TECNICAS DE ANALISIS DE ADN

Algunas de las enzimas de restricción y de donde provienen:

 Las enzimas de restricción trabajan únicamente sobre secuencias específicas de bases nitrogenadas, el lugar donde se produce el corte se denomina sitio de restricción y producen dos tipos de corte: (1) corte con extremos cohesivos y (2) corte con extremos romos  (Griffiths et al. 1998). Los extremos cohesivos dejan porciones lineales a ambos lados del fragmento, es decir, quedan pequeñas secuencias de bases sin aparear a cada lado, siendo éstas complementarias entre sí, mientras que los extremos romos son aquellos en los que no queda una porción lineal a ninguno de los lados. De acuerdo a la especificidad de las enzimas de restricción, se conocen dos tipos: las enzimas de tipo I cortan en un sitio cercano al sitio de restricción, a una distancia que varía aleatoriamente, y por ello no se suelen emplear para DNA recombinante. Las de tipo II reconocen y cortan en la secuencia específica, y son las más empleadas en este tipo de protocolos por su alta precisión. Las enzimas de restricción de tipo III son similares a las de tipo II en cuanto a la precisión del lugar de corte, pero se diferencian de éstas en que sólo cortan entre nucleótidos del mismo tipo, por ejemplo entre dos adeninas.

LA REACCION EN CADENA DE LA POLIMERAS:

La reacción en cadena de la polimerasa, ya más conocida como PCR, es una técnica que permite replicar entre cientos de miles y millones de veces, en el transcurrir de pocas horas e in vitro, pequeñas cantidades de ADN. Uno de los aportes fundamentales de esta metodología a la investigación básica en biología molecular consiste, precisamente, en la rapidez y eficiencia mediante las cuales se realiza una tarea que antes requería largas y tediosas jornadas.

El producto que se obtiene al finalizar la reacción -una gran cantidad de un fragmento génico con alto grado de pureza- favorece la tarea de los investigadores empeñados en ampliar nuestros conocimientos sobre la estructura y función de los genes. Por su alta sensibilidad, esto permite identificar un gen a partir de un solo cabello, una célula somática o un espermatozoide. facilitando, y en muchos casos hecho posible, la tarea de identificación de personas.

Entre las aplicaciones médicas de la PCR cabe destacar su aporte al desarrollo de nuevas estrategias de diagnóstico. Permite detectar agentes infecciosos como los virus de las hepatitis B y C o regiones del genoma del virus de la inmunodeficiencia humana (HIV).

Huellas de ADN:

La tecnología denominada huella de ADN (DNA fingerprinting) permite comparar muestras de ADN de diversos orígenes, de manera análoga a la comparación de huellas dactilares.

En esta técnica los investigadores utilizan también las enzimas de restricción para romper una molécula de ADN en pequeños fragmentos que separan en un gel al que someten a una corriente eléctrica (electroforesis); de esta manera, los fragmentos se ordenan en función de su tamaño, ya que los más pequeños migran más rápidamente que los de mayor tamaño. 

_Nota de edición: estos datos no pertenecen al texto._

definition max_degree :: "'a graph \<Rightarrow> nat" where
  "max_degree G = Max (insert 0 {card {u \<in> verts G. adj G v u} | v. v \<in> verts G})"

text \<open>The graph obtained by (successively) identifying true twins: the quotient by the
  relation of having equal closed neighbourhoods.\<close>
definition twin_class :: "'a graph \<Rightarrow> 'a \<Rightarrow> 'a set" where
  "twin_class G v = {u \<in> verts G. closed_nbhd G u = closed_nbhd G v}"

definition twin_reduction :: "'a graph \<Rightarrow> 'a set graph" where
  "twin_reduction G =
     (twin_class G ` verts G,
      {{A, B} | A B. A \<in> twin_class G ` verts G \<and> B \<in> twin_class G ` verts G \<and> A \<noteq> B \<and>
                     (\<exists>a\<in>A. \<exists>b\<in>B. adj G a b)})"

definition bounded_on :: "'a graph set \<Rightarrow> ('a graph \<Rightarrow> nat) \<Rightarrow> bool" where
  "bounded_on \<G> f \<longleftrightarrow> (\<exists>k. \<forall>G\<in>\<G>. f G \<le> k)"

definition contains_induced :: "'a graph \<Rightarrow> 'b graph \<Rightarrow> bool" where
  "contains_induced G H \<longleftrightarrow> (\<exists>f. inj_on f (verts H) \<and> f ` verts H \<subseteq> verts G \<and>
      (\<forall>u\<in>verts H. \<forall>v\<in>verts H. adj G (f u) (f v) \<longleftrightarrow> adj H u v))"

datatype pvert = Cv | Xv nat | Yv nat

definition XY :: "nat \<Rightarrow> pvert set" where
  "XY n = Xv ` {1..n} \<union> Yv ` {1..n}"

definition star_graph :: "nat \<Rightarrow> pvert graph" where
  "star_graph n = (insert Cv (Xv ` {1..n}), {{Cv, Xv i} | i. i \<in> {1..n}})"

definition matching_KI :: "nat \<Rightarrow> pvert graph" where
  "matching_KI n = (XY n,
     {{Xv i, Yv i} | i. i \<in> {1..n}} \<union> {{Xv i, Xv j} | i j. i \<in> {1..n} \<and> j \<in> {1..n} \<and> i \<noteq> j})"

definition matching_KK :: "nat \<Rightarrow> pvert graph" where
  "matching_KK n = (XY n,
     {{Xv i, Yv i} | i. i \<in> {1..n}} \<union> {{Xv i, Xv j} | i j. i \<in> {1..n} \<and> j \<in> {1..n} \<and> i \<noteq> j}
     \<union> {{Yv i, Yv j} | i j. i \<in> {1..n} \<and> j \<in> {1..n} \<and> i \<noteq> j})"

definition antimatching_KK :: "nat \<Rightarrow> pvert graph" where
  "antimatching_KK n = (XY n,
     {{Xv i, Yv j} | i j. i \<in> {1..n} \<and> j \<in> {1..n} \<and> i \<noteq> j}
     \<union> {{Xv i, Xv j} | i j. i \<in> {1..n} \<and> j \<in> {1..n} \<and> i \<noteq> j}
     \<union> {{Yv i, Yv j} | i j. i \<in> {1..n} \<and> j \<in> {1..n} \<and> i \<noteq> j})"

definition halfgraph_KK :: "nat \<Rightarrow> pvert graph" where
  "halfgraph_KK n = (XY n,
     {{Xv i, Yv j} | i j. i \<in> {1..n} \<and> j \<in> {1..n} \<and> i \<le> j}
     \<union> {{Xv i, Xv j} | i j. i \<in> {1..n} \<and> j \<in> {1..n} \<and> i \<noteq> j}
     \<union> {{Yv i, Yv j} | i j. i \<in> {1..n} \<and> j \<in> {1..n} \<and> i \<noteq> j})"

end

(*
  The key quantity is the number of twin classes meeting a closed neighbourhood N[v]. Two
  vertices are twins iff they lie in the same maximal cliques, N[v] is the union of the maximal
  cliques through v, and every maximal clique is a union of twin classes. Hence this number is at
  most cideg * omega-tilde and bounds omega-tilde and, exponentially, cideg; cdeg bounds and is
  bounded by these two in the same way, and in the twin reduction the number is the degree plus
  one. Moreover theta* is at most cideg and bounds alpha*.
  An induced obstruction of size n forces alpha(G[N[c]]) >= n (the star) or a maximal clique
  meeting n twin classes (the other four). Conversely, if N[v] meets very many twin classes,
  Ramsey's theorem applied to representatives gives either many independent neighbours of v,
  i.e. a star, or a large clique of pairwise non-twins. Choosing for every pair of the clique a
  vertex outside it that separates the pair and applying Ramsey's theorem to quadruples makes all
  relevant adjacencies depend only on the relative order of the indices; each of the eight
  resulting configurations contains one of the five obstructions.
*)
theory Submission
  imports Defs "HOL-Library.Ramsey"
begin

hide_const (open) Ramsey.clique Ramsey.indep

lemma verts_pair [simp]: "verts (V, E) = V"
  by (simp add: verts_def)

lemma edges_pair [simp]: "edges (V, E) = E"
  by (simp add: edges_def)

lemma adj_sym: "adj G u v \<longleftrightarrow> adj G v u"
  by (simp add: adj_def insert_commute)

lemma adj_irrefl: "wf_graph G \<Longrightarrow> \<not> adj G v v"
  unfolding wf_graph_def adj_def by fastforce

lemma adj_in_verts: "wf_graph G \<Longrightarrow> adj G u v \<Longrightarrow> u \<in> verts G \<and> v \<in> verts G"
  unfolding wf_graph_def adj_def by blast

lemma verts_induced_subgraph [simp]: "verts (induced_subgraph G S) = S"
  by (simp add: induced_subgraph_def verts_def)

lemma adj_induced_subgraph: "adj (induced_subgraph G S) u v \<longleftrightarrow> adj G u v \<and> u \<in> S \<and> v \<in> S"
  by (auto simp: adj_def induced_subgraph_def edges_def)

lemma wf_induced_subgraph: "wf_graph G \<Longrightarrow> S \<subseteq> verts G \<Longrightarrow> wf_graph (induced_subgraph G S)"
  unfolding wf_graph_def induced_subgraph_def verts_def edges_def
  by (auto intro: finite_subset)

lemma mem_closed_nbhd: "wf_graph G \<Longrightarrow> u \<in> closed_nbhd G v \<longleftrightarrow> u = v \<or> adj G v u"
  using adj_in_verts by (fastforce simp: closed_nbhd_def)

lemma closed_nbhd_subset_verts: "v \<in> verts G \<Longrightarrow> closed_nbhd G v \<subseteq> verts G"
  by (auto simp: closed_nbhd_def)

lemma finite_closed_nbhd: "wf_graph G \<Longrightarrow> v \<in> verts G \<Longrightarrow> finite (closed_nbhd G v)"
  by (meson closed_nbhd_subset_verts finite_subset wf_graph_def)

section \<open>Maximal cliques and twins\<close>

lemma clique_adj: "clique G K \<Longrightarrow> u \<in> K \<Longrightarrow> v \<in> K \<Longrightarrow> u \<noteq> v \<Longrightarrow> adj G u v"
  by (simp add: Defs.clique_def)

lemma maximal_clique_subset_verts: "maximal_clique G K \<Longrightarrow> K \<subseteq> verts G"
  by (simp add: maximal_clique_def Defs.clique_def)

lemma finite_maximal_cliques: "wf_graph G \<Longrightarrow> finite {K. maximal_clique G K}"
  by (rule finite_subset[of _ "Pow (verts G)"])
     (auto simp: maximal_clique_def Defs.clique_def wf_graph_def)

lemma finite_maximal_clique: "wf_graph G \<Longrightarrow> maximal_clique G K \<Longrightarrow> finite K"
  by (meson finite_subset maximal_clique_subset_verts wf_graph_def)

lemma finite_max_cliques_at: "wf_graph G \<Longrightarrow> finite (max_cliques_at G v)"
  using finite_maximal_cliques[of G] unfolding max_cliques_at_def by (auto intro: finite_subset)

Se puede obtener así un patrón de bandas o huella característica de cada organismo. Se utiliza una sonda (fragmento de ADN marcado) que hibride (se una específicamente) con algunos de los fragmentos obtenidos y, tras una exposición a una película de rayos X, se obtiene una huella de ADN, es decir, un patrón de bandas negras característico para cada tipo de ADN.

Secuencias DNA:

Un procedimiento denominado secuenciación de ADN permite determinar el orden preciso de bases nucleótidas (secuencia) de un fragmento de ADN. La mayoría de los tipos de secuenciación de ADN se basan en una técnica denominada extensión de oligonucleótido (primer extension) desarrollada por el biólogo molecular británico Frederick Sanger. 

En esta técnica se lleva a cabo una replicación de fragmentos específicos de ADN, de tal modo que el extremo del fragmento presenta una forma fluorescente de una de las cuatro bases nucleótidas. Los modernos secuenciadores de ADN parten de la idea del biólogo molecular estadounidense Leroy Hood, incorporando ordenadores y láser en el proceso.